Stored data:
+++
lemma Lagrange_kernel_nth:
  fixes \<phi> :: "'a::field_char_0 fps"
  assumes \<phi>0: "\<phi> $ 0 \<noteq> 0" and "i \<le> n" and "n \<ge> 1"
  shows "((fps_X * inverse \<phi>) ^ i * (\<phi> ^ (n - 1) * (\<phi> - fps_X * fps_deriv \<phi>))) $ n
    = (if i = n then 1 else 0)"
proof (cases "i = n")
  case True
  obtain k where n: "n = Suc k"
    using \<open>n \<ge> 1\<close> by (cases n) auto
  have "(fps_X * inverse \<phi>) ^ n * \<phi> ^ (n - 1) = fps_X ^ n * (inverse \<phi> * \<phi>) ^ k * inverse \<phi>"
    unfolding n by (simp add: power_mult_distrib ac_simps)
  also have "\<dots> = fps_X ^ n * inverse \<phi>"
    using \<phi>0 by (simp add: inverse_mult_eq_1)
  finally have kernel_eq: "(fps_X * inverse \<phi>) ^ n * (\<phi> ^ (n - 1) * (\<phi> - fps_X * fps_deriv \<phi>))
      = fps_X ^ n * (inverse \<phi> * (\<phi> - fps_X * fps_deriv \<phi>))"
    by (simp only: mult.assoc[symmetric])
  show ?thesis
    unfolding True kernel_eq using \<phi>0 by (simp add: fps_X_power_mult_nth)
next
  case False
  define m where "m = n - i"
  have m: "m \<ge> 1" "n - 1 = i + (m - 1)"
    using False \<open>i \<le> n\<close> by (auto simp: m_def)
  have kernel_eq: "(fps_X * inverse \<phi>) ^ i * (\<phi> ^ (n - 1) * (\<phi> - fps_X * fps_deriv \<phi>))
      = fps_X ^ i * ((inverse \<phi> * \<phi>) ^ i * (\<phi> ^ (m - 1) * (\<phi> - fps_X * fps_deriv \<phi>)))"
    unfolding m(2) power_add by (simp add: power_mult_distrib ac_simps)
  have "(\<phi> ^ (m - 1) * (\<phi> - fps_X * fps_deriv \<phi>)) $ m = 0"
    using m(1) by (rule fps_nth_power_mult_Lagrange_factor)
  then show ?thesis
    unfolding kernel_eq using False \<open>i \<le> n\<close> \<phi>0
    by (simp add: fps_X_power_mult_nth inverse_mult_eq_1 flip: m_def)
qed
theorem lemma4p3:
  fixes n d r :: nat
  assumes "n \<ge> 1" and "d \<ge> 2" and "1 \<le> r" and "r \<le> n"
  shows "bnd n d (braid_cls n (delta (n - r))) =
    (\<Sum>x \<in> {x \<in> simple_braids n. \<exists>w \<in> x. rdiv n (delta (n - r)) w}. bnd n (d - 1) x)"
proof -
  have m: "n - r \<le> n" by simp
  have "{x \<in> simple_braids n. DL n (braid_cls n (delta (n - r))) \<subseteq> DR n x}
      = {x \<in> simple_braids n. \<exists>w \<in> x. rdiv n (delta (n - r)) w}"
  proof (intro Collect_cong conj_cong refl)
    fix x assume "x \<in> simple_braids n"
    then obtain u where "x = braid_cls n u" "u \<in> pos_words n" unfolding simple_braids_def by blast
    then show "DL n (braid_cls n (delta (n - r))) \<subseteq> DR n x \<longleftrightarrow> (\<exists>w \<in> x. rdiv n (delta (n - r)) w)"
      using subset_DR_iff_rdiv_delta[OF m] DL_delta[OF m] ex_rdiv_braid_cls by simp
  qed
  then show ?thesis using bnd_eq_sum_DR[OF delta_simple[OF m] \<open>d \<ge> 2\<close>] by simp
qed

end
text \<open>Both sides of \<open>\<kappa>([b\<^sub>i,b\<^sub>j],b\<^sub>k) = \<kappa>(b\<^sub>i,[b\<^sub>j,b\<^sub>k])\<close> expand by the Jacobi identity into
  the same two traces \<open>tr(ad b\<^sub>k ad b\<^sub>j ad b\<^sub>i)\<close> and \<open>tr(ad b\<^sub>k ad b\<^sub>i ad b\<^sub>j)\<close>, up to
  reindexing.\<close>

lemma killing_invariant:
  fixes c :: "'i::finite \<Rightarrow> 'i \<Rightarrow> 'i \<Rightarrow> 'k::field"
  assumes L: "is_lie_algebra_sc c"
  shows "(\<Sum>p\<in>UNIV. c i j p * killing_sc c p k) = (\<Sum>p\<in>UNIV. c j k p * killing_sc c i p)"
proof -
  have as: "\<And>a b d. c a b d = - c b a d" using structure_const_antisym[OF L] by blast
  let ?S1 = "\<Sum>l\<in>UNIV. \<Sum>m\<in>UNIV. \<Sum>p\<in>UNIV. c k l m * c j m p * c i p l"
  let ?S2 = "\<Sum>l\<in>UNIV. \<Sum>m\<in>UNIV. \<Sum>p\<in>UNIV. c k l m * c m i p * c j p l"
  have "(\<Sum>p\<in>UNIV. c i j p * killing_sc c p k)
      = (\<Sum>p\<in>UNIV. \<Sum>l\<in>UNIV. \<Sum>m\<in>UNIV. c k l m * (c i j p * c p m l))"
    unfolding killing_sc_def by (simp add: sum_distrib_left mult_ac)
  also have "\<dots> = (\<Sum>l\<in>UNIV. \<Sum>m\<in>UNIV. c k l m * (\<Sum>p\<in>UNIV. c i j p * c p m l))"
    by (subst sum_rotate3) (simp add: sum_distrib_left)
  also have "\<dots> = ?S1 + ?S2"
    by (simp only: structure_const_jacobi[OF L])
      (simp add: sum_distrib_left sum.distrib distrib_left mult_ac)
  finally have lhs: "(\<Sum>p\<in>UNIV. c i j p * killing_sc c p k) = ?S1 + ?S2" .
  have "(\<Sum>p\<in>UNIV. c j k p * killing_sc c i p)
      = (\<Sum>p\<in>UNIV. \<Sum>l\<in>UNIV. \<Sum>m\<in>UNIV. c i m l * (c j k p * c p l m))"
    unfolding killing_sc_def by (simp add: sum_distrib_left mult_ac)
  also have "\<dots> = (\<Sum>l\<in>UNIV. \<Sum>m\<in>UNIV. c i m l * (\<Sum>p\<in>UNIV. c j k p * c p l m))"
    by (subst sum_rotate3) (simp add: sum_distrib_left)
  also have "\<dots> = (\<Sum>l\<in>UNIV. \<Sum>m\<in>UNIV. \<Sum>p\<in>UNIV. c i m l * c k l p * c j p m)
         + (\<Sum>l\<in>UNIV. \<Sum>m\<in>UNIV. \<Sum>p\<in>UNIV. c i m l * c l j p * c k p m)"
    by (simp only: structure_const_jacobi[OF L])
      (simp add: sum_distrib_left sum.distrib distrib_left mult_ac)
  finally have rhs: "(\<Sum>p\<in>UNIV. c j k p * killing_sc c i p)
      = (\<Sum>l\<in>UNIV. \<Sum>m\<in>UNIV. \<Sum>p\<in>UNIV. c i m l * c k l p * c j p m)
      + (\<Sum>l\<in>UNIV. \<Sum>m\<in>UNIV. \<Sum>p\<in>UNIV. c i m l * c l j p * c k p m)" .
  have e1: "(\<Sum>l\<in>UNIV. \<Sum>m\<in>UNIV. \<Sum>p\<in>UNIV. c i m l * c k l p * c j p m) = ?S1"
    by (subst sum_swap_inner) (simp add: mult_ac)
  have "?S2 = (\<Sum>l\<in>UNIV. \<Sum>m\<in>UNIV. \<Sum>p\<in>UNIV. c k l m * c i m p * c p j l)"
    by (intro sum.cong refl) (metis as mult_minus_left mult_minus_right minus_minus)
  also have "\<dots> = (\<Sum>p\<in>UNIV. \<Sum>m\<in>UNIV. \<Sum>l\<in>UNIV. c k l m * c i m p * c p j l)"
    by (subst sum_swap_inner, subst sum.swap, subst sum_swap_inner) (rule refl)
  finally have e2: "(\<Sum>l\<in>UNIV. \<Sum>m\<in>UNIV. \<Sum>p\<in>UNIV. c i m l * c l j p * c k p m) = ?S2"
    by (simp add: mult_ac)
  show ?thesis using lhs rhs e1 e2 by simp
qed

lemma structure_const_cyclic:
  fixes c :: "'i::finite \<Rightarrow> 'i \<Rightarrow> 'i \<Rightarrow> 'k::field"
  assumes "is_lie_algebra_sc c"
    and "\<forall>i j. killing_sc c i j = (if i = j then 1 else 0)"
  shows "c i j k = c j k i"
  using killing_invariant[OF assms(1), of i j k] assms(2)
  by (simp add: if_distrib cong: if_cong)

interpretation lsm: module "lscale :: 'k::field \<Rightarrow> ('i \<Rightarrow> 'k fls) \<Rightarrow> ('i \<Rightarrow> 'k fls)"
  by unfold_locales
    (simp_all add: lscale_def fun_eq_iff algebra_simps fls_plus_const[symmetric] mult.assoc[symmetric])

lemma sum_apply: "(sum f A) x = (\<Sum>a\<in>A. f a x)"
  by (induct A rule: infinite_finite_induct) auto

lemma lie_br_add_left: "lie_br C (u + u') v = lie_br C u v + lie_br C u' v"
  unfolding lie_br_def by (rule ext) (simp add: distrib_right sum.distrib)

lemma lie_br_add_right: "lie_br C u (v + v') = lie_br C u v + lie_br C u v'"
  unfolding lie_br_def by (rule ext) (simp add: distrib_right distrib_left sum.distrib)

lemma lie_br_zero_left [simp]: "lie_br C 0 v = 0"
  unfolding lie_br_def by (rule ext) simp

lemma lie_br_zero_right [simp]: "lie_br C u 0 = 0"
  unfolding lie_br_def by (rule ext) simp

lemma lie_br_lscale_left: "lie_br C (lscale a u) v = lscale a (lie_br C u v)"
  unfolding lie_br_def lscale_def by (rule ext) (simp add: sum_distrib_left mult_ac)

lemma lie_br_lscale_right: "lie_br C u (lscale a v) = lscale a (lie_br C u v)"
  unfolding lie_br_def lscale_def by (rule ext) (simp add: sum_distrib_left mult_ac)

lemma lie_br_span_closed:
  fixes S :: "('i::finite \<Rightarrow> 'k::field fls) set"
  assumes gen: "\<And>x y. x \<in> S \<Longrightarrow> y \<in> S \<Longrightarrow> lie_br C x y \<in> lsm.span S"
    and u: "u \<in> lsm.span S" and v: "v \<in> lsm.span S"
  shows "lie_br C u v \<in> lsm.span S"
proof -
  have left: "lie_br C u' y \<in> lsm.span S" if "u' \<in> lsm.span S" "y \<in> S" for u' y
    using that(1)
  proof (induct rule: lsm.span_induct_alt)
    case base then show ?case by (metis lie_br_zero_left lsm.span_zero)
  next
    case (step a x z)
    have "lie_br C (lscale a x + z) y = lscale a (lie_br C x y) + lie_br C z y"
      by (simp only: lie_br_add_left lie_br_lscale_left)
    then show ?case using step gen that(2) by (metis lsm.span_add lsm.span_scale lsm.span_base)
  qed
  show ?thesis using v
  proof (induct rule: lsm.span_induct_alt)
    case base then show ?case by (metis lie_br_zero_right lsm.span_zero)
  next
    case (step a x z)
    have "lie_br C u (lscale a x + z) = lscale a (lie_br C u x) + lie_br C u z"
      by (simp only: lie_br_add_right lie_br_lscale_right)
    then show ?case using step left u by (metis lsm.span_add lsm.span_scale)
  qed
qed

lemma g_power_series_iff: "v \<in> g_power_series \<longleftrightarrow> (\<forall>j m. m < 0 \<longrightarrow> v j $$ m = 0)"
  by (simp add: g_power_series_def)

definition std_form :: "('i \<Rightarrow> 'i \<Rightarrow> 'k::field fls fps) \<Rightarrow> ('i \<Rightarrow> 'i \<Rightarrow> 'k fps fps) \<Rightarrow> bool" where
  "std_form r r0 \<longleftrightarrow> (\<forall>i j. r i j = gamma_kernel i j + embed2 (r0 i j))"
+++
- **Exercise goal**
Using the records above, repeat exactly the lines from the first one through the line with "i * ((inverse".

- **Your solution**
lemma Lagrange_kernel_nth:
  fixes \<phi> :: "'a::field_char_0 fps"
  assumes \<phi>0: "\<phi> $ 0 \<noteq> 0" and "i \<le> n" and "n \<ge> 1"
  shows "((fps_X * inverse \<phi>) ^ i * (\<phi> ^ (n - 1) * (\<phi> - fps_X * fps_deriv \<phi>))) $ n
    = (if i = n then 1 else 0)"
proof (cases "i = n")
  case True
  obtain k where n: "n = Suc k"
    using \<open>n \<ge> 1\<close> by (cases n) auto
  have "(fps_X * inverse \<phi>) ^ n * \<phi> ^ (n - 1) = fps_X ^ n * (inverse \<phi> * \<phi>) ^ k * inverse \<phi>"
    unfolding n by (simp add: power_mult_distrib ac_simps)
  also have "\<dots> = fps_X ^ n * inverse \<phi>"
    using \<phi>0 by (simp add: inverse_mult_eq_1)
  finally have kernel_eq: "(fps_X * inverse \<phi>) ^ n * (\<phi> ^ (n - 1) * (\<phi> - fps_X * fps_deriv \<phi>))
      = fps_X ^ n * (inverse \<phi> * (\<phi> - fps_X * fps_deriv \<phi>))"
    by (simp only: mult.assoc[symmetric])
  show ?thesis
    unfolding True kernel_eq using \<phi>0 by (simp add: fps_X_power_mult_nth)
next
  case False
  define m where "m = n - i"
  have m: "m \<ge> 1" "n - 1 = i + (m - 1)"
    using False \<open>i \<le> n\<close> by (auto simp: m_def)
  have kernel_eq: "(fps_X * inverse \<phi>) ^ i * (\<phi> ^ (n - 1) * (\<phi> - fps_X * fps_deriv \<phi>))
      = fps_X ^ i * ((inverse \<phi> * \<phi>) ^ i * (\<phi> ^ (m - 1) * (\<phi> - fps_X * fps_deriv \<phi>)))"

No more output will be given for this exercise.